Его не радовало другое: по дороге из аэропорта он успел заметить легкую такую, редкую еще метелицу, которая могла сулить ему крупные неприятности. И Александр Борисович, возможно, не совсем вежливо, перебил Стива вопросом: у них в Бостоне что, не обрезают тополя?

Видимо, интерес, скажем, к теще президента Соединенных Штатов вызвал бы меньшее удивление. Стив едва не затормозил, машина, во всяком случае, будто споткнулась. Несколько секунд тянулась пауза. Затем Стив, медленно повернув голову к Турецкому, предельно вежливо осведомился:

— А что, это имеет принципиальное значение для вашего расследования, мистер… э-э, Саша?

Пришла очередь захлебнуться Турецкому. Но, не обижая спросившего, он постарался объяснить, что его физическое состояние зависит, как это ни печально, от времени цветения тополей. Он не виноват, но, к сожалению, ничего с собой поделать не может. Видимо, влияние возраста — прежде острых приступов аллергии он не испытывал.

Турецкий мямлил свою бесконечную жалобу, а Мэрфи с полным пониманием в глазах улыбался и огорченно покачивал кудрявой головой:

— Да у нас их и обрезают, и стригут накануне цветения, но… Я ничего не смыслю ни в современной экологии, ни в бурной деятельности ее апологетов. То они борются за здоровье населения, то начинают защищать эти самые тополя, обрезание которых якобы сокращает им жизнь и тем самым Лишает каких-то заслуженных привилегий перед другими представителями растительного. мира, то еще какие-то проблемы находятся — уж совершенно неразрешимые. Недавно в местных газетах шла дискуссия, что делать с тополями. Сошлись, по-моему, на том, чтобы резать-таки. И тут же возникла какая-то новая теория — то ли чем-то опылять, то ли делать специальные прививки. Но, как видите, пока они пылят. А найти что-то приемлемое среднее дискутирующие стороны не могут — свобода мнений, никуда не денешься… А у вас есть предложение? — с улыбкой повернулся он к Турецкому.
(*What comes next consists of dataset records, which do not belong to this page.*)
lemma noninj_coset_fiber:
  assumes C: "C \<in> trunc_noninj_cosets h i" and x: "x \<in> char_trunc h ` C"
  shows "{n \<in> C. char_trunc h n = x} = {set_delta h x False, set_delta h x True}"
proof -
  have eps: "\<forall>c\<in>C. \<not> fst c h" using trunc_noninj_cosetD(4)[OF C] .
  have "C \<subseteq> chars (Suc h)"
    using C cadd_chars by (fastforce simp: trunc_noninj_cosets_def eps_free_cosets_def
        isotropic_subspace_def elim!: even_cosetsE)
  then have xh: "x \<in> chars h" using x char_trunc_chars by blast
  have "set_delta h x c \<in> C" for c
  proof -
    obtain a where a: "a \<in> C" "char_trunc h a = x" using x by blast
    have "set_delta h x (snd a h) = a" using a eps set_delta_char_trunc by blast
    moreover from this have "set_delta h x (\<not> snd a h) = cadd a (delta_unit h)"
      by (metis cadd_delta_unit_set_delta)
    ultimately show ?thesis using a(1) trunc_noninj_cosetD(3)[OF C a(1)]
      by (cases "c = snd a h") simp_all
  qed
  show ?thesis
  proof (intro equalityI subsetI)
    fix n assume "n \<in> {n \<in> C. char_trunc h n = x}"
    then have "n = set_delta h x (snd n h)" using eps set_delta_char_trunc[of n h] by simp
    then show "n \<in> {set_delta h x False, set_delta h x True}" by (cases "snd n h") simp_all
  next
    fix n assume "n \<in> {set_delta h x False, set_delta h x True}"
    then show "n \<in> {n \<in> C. char_trunc h n = x}"
      using \<open>\<And>c. set_delta h x c \<in> C\<close> char_trunc_set_delta[OF xh] by blast
  qed
qed

lemma prod_noninj_coset:
  fixes f :: "char \<Rightarrow> 'a::comm_semiring_1"
  assumes C: "C \<in> trunc_noninj_cosets h i"
  shows "(\<Prod>n\<in>C. f (char_trunc h n)) = (\<Prod>x\<in>char_trunc h ` C. f x) ^ 2"
proof -
  have fC: "finite C"
    using C by (auto simp: trunc_noninj_cosets_def eps_free_cosets_def intro: finite_even_coset)
  have "(\<Prod>n\<in>C. f (char_trunc h n))
      = (\<Prod>x\<in>char_trunc h ` C. \<Prod>n\<in>{n \<in> C. char_trunc h n = x}. f (char_trunc h n))"
    by (rule prod.group[symmetric]) (simp_all add: fC)
  also have "\<dots> = (\<Prod>x\<in>char_trunc h ` C. f x ^ 2)"
  proof (rule prod.cong)
    fix x assume "x \<in> char_trunc h ` C"
    note fiber = noninj_coset_fiber[OF C this]
    have "set_delta h x False \<noteq> set_delta h x True"
      using snd_set_delta[of h x False] snd_set_delta[of h x True] by metis
    then show "(\<Prod>n\<in>{n \<in> C. char_trunc h n = x}. f (char_trunc h n)) = f x ^ 2"
      by (subst prod.cong[OF refl, where h = "\<lambda>_. f x"]) (use fiber in \<open>auto simp: power2_eq_square\<close>)
  qed simp
  also have "\<dots> = (\<Prod>x\<in>char_trunc h ` C. f x) ^ 2" by (rule prod_power_distrib[symmetric])
  finally show ?thesis .
qed

lemma noninj_coset_eq:
  assumes "C \<in> trunc_noninj_cosets h i"
  shows "C = {n. \<not> fst n h \<and> char_trunc h n \<in> char_trunc h ` C}"
proof (intro equalityI subsetI)
  fix n assume "n \<in> C"
  then show "n \<in> {n. \<not> fst n h \<and> char_trunc h n \<in> char_trunc h ` C}"
    using trunc_noninj_cosetD(4)[OF assms] by blast
next
  fix n assume n: "n \<in> {n. \<not> fst n h \<and> char_trunc h n \<in> char_trunc h ` C}"
  then have "n = set_delta h (char_trunc h n) (snd n h)" using set_delta_char_trunc by simp
  also have "\<dots> \<in> {c \<in> C. char_trunc h c = char_trunc h n}"
    using noninj_coset_fiber[OF assms, of "char_trunc h n"] n by (cases "snd n h") auto
  finally show "n \<in> C" by simp
qed

lemma noninj_coset_lift:
  assumes i: "0 < i" and C': "C' \<in> even_cosets h (i - 1)"
  shows "\<exists>C\<in>trunc_noninj_cosets h i. char_trunc h ` C = C'"
proof -
  obtain V' m where V': "isotropic_subspace h V'" "card V' = 2 ^ (i - 1)" "m \<in> chars h"
    "C' = char_coset V' m" "\<forall>c\<in>C'. even_char h c"
    using C' by (rule even_cosetsE)
  have V'h: "V' \<subseteq> chars h" and sub: "char_subgroup V'" and iso: "\<forall>a\<in>V'. \<forall>b\<in>V'. e_one h a b"
    using V'(1) by (simp_all add: isotropic_subspace_iff)
  have last: "\<not> fst v h \<and> \<not> snd v h" "char_trunc h v = v" if "v \<in> V'" for v
    using V'h that chars_last char_trunc_id by blast+
  have mh: "\<not> fst m h" "\<not> snd m h" "char_trunc h m = m" using V'(3) chars_last char_trunc_id by blast+
  define V where "V = V' \<union> cadd (delta_unit h) ` V'"
  define C where "C = char_coset V m"
  have e: "e_one (Suc h) a b" "e_one (Suc h) (delta_unit h) a" "e_one (Suc h) a (delta_unit h)"
    if "a \<in> V'" "b \<in> V'" for a b
  proof -
    show "e_one (Suc h) a b" using e_one_char_trunc[of a h b] iso that last by simp
    show "e_one (Suc h) (delta_unit h) a" using e_one_delta_unit last(1)[OF that(1)] by simp
    then show "e_one (Suc h) a (delta_unit h)" by (simp add: e_one_commute)
  qed
  have iso: "isotropic_subspace (Suc h) V"
    unfolding isotropic_subspace_iff char_subgroup_def
  proof (intro conjI ballI)
    have "cadd (delta_unit h) v \<in> chars (Suc h)" if "v \<in> V'" for v
      using cadd_chars[OF delta_unit_chars chars_Suc] V'h that by blast
    then show "V \<subseteq> chars (Suc h)" using V'h chars_Suc by (auto simp: V_def)
    show "czero \<in> V" using sub by (simp add: V_def char_subgroupD)
    fix x y assume "x \<in> V" "y \<in> V"
    then obtain a b where ab: "a \<in> V'" "b \<in> V'"
      "x = a \<or> x = cadd (delta_unit h) a" "y = b \<or> y = cadd (delta_unit h) b"
      unfolding V_def by blast
    have "cadd a b \<in> V'" using sub ab by (simp add: char_subgroupD)
    with ab(3,4) show "cadd x y \<in> V"
      by (auto simp: V_def cadd_assoc cadd_left_commute[of _ "delta_unit h"])
    from ab(3,4) show "e_one (Suc h) x y" using e[OF ab(1,2)] e[OF ab(1,1)] e[OF ab(2,2)]
      by (auto simp: e_one_cadd_left e_one_cadd_right)
  qed
  have card: "card V = 2 ^ i"
  proof -
    have False if "a \<in> V'" "cadd (delta_unit h) a \<in> V'" for a
      using last(1)[OF that(1)] last(1)[OF that(2)] by (simp add: snd_cadd)
    then have "V' \<inter> cadd (delta_unit h) ` V' = {}" by blast
    then have "card V = 2 * card V'"
      using card_translate_union isotropic_finite[OF V'(1)] by (simp add: V_def)
    then show ?thesis using V'(2) i by (simp add: power_eq_if)
  qed
  have "char_trunc h ` V' = (\<lambda>v. v) ` V'" by (rule image_cong) (simp_all add: last)
  then have trV': "char_trunc h ` V' = V'" by simp
  have "char_trunc h ` cadd (delta_unit h) ` V' = char_trunc h ` V'"
    by (simp add: image_image char_trunc_cadd)
  then have trV: "char_trunc h ` V = V'" by (simp add: V_def image_Un trV')
  have "char_trunc h ` C = (\<lambda>v. cadd v m) ` (char_trunc h ` V)"
    by (simp add: C_def image_image char_trunc_cadd mh(3))
  then have trunc: "char_trunc h ` C = C'" by (simp add: trV V'(4))
  have eps: "\<forall>c\<in>C. \<not> fst c h"
  proof
    fix c assume "c \<in> C"
    then obtain a where "a \<in> V'" "c = cadd a m \<or> c = cadd (cadd (delta_unit h) a) m"
      unfolding C_def V_def by blast
    then show "\<not> fst c h" using last(1) mh(1) by (elim disjE) (simp_all add: fst_cadd)
  qed
  have "\<forall>c\<in>C. even_char (Suc h) c"
    using eps trunc V'(5) even_char_trunc by blast
  then have "C \<in> eps_free_cosets h i"
    unfolding eps_free_cosets_def C_def using even_cosetsI[OF iso card chars_Suc[OF V'(3)]] eps
    by (simp add: C_def)
  moreover have "\<not> inj_on (char_trunc h) C"
  proof
    assume inj: "inj_on (char_trunc h) C"
    have "czero \<in> V" "delta_unit h \<in> V"
      using char_subgroupD(1)[OF sub] by (auto simp: V_def intro: image_eqI[of _ _ czero])
    then have "m \<in> C" "cadd (delta_unit h) m \<in> C" by (auto simp: C_def intro: coset_base)
    moreover have "char_trunc h (cadd (delta_unit h) m) = char_trunc h m" by (simp add: char_trunc_cadd)
    ultimately have "cadd (delta_unit h) m = cadd czero m" using inj_onD[OF inj] by simp
    then have "delta_unit h = czero" by (simp only: cadd_right_inj)
    then show False using delta_unit_neq_czero by contradiction
  qed
  ultimately show ?thesis using trunc by (auto simp: trunc_noninj_cosets_def)
qed

lemma trunc_noninj_cosets_bij:
  "0 < i \<Longrightarrow> bij_betw ((`) (char_trunc h)) (trunc_noninj_cosets h i) (even_cosets h (i - 1))"
proof (unfold bij_betw_def, intro conjI inj_onI)
  fix C1 C2 assume "C1 \<in> trunc_noninj_cosets h i" "C2 \<in> trunc_noninj_cosets h i"
    and "char_trunc h ` C1 = char_trunc h ` C2"
  then show "C1 = C2" using noninj_coset_eq[of C1 h i] noninj_coset_eq[of C2 h i] by simp
next
  assume "0 < i"
  show "(`) (char_trunc h) ` trunc_noninj_cosets h i = even_cosets h (i - 1)"
  proof (intro equalityI subsetI)
    fix C' assume "C' \<in> (`) (char_trunc h) ` trunc_noninj_cosets h i"
    then show "C' \<in> even_cosets h (i - 1)" using trunc_noninj_cosetD(2) by blast
  next
    fix C' assume "C' \<in> even_cosets h (i - 1)"
    then show "C' \<in> (`) (char_trunc h) ` trunc_noninj_cosets h i"
      using noninj_coset_lift[OF \<open>0 < i\<close>] by blast
  qed
qed
lemma sum_ind_affine:
  assumes "0 < n" and "coprime u (int n)"
  shows "(\<Sum>j<n. ind n (u * int j + c)) = 1"
proof -
  obtain s t where st: "s * u + t * int n = 1"
    using bezout_int[of u "int n"] assms(2) by (auto simp: coprime_iff_gcd_eq_1)
  define j0 where "j0 = nat ((- c * s) mod int n)"
  have j0: "j0 < n" "int j0 = (- c * s) mod int n"
    using assms(1) by (simp_all add: j0_def nat_less_iff)
  have "u * int j0 + c = u * (int j0 + c * s) + c * t * int n"
  proof -
    have "c = c * (s * u + t * int n)"
      using st by simp
    then show ?thesis
      by (simp only: algebra_simps)
  qed
  moreover have "int n dvd (int j0 + c * s)"
    using mod_eq_dvd_iff[of "(- c * s) mod int n" "int n" "- c * s"] j0(2) by simp
  ultimately have solution: "int n dvd (u * int j0 + c)"
    by simp
  have unique: "j = j0" if "j < n" "int n dvd (u * int j + c)" for j
  proof -
    have "int n dvd u * (int j - int j0)"
      using dvd_diff[OF that(2) solution] by (simp add: algebra_simps)
    then have "int n dvd (int j - int j0)"
      using assms(2) by (simp add: coprime_commute coprime_dvd_mult_right_iff)
    then have "int j mod int n = int j0 mod int n"
      by (simp add: mod_eq_dvd_iff)
    then show ?thesis
      using that(1) j0(1) by simp
  qed
  have "(\<Sum>j<n. ind n (u * int j + c)) = (\<Sum>j<n. of_bool (j = j0))"
  proof (intro sum.cong refl)
    fix j assume "j \<in> {..<n}"
    then have "int n dvd (u * int j + c) \<longleftrightarrow> j = j0"
      using solution unique[of j] by blast
    then show "ind n (u * int j + c) = of_bool (j = j0)"
      by (simp add: ind_def)
  qed
  also have "\<dots> = 1"
    using j0(1) by simp
  finally show ?thesis .
qed

lemma sum_ind_distinct_le:
  assumes "distinct (map (\<lambda>b. b mod int n) bs)"
  shows "(\<Sum>b\<leftarrow>bs. ind n (y - b)) \<le> 1"
proof -
  have "ind n (y - b) = of_bool (y mod int n = b mod int n)" for b
    unfolding ind_def by (simp only: mod_eq_dvd_iff)
  then have "(\<Sum>b\<leftarrow>bs. ind n (y - b)) = (\<Sum>r\<leftarrow>map (\<lambda>b. b mod int n) bs. of_bool (y mod int n = r))"
    by (simp only: map_map comp_def)
  also have "\<dots> = (\<Sum>r\<in>set (map (\<lambda>b. b mod int n) bs). of_bool (y mod int n = r))"
    using assms by (rule sum_list_distinct_conv_sum_set)
  also have "\<dots> \<le> 1"
    by (simp add: of_bool_def)
  finally show ?thesis .
qed

section \<open>Periodic matrices and their line sums\<close>

lemma mod_add_diff_mod:
  fixes a j n :: nat
  shows "j \<le> n \<Longrightarrow> ((a + j) mod n + n - j) mod n = a mod n"
  by (metis Nat.add_diff_assoc add.assoc le_add_diff_inverse mod_add_left_eq mod_add_self2)

lemma mod_diff_add_mod:
  fixes a j n :: nat
  shows "j \<le> n \<Longrightarrow> ((a + n - j) mod n + j) mod n = a mod n"
  by (simp add: mod_add_left_eq)

lemma sum_upward_diagonal:
  fixes k n :: nat
  assumes "k < n"
  shows "(\<Sum>(i, j)\<in>{(i, j). i < n \<and> j < n \<and> (i + j) mod n = k}. f i j)
       = (\<Sum>j<n. f ((k + n - j) mod n) j)"
proof (rule sym, rule sum.reindex_bij_witness[where j = "\<lambda>j. ((k + n - j) mod n, j)" and i = snd])
  fix p assume "p \<in> {(i, j). i < n \<and> j < n \<and> (i + j) mod n = k}"
  then show "((k + n - snd p) mod n, snd p) = p"
    using mod_add_diff_mod[of "snd p" n "fst p"] by auto
qed (use assms mod_diff_add_mod in auto)

lemma sum_downward_diagonal:
  fixes k n :: nat
  assumes "k < n"
  shows "(\<Sum>(i, j)\<in>{(i, j). i < n \<and> j < n \<and> (i + n - j) mod n = k}. f i j)
       = (\<Sum>j<n. f ((k + j) mod n) j)"
proof (rule sym, rule sum.reindex_bij_witness[where j = "\<lambda>j. ((k + j) mod n, j)" and i = snd])
  fix p assume "p \<in> {(i, j). i < n \<and> j < n \<and> (i + n - j) mod n = k}"
  then show "((k + snd p) mod n, snd p) = p"
    using mod_diff_add_mod[of "snd p" n "fst p"] by auto
qed (use assms mod_add_diff_mod in auto)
— Есть… Знаю такой анекдот, — болезненно морщась, сказал Александр. — Может быть, слышали… Одна еврейская община построила баню. И все было хорошо, пока не дошли до пола. Одни говорят, что надо стругать доски, чтоб не было заноз, а другие говорят, что на скользком полу евреи будут падать и разбивать себе затылки. Слышали, Стив?

— Нет! — с интересом откликнулся Мэрфи — любопытный потомок славных донских казаков.

— Короче, ни до чего не договорившись, отправились к раввину, чтобы тот их рассудил. Привели каждый свои аргументы, ребе удалился советоваться с Богом, наконец вышел. «Стругать доски, — говорит он, — надо!» «Ура!» — закричала часть евреев. «Но струганой стороной будем класть вниз!» «Ура!» — закричали остальные евреи. На том и порешили.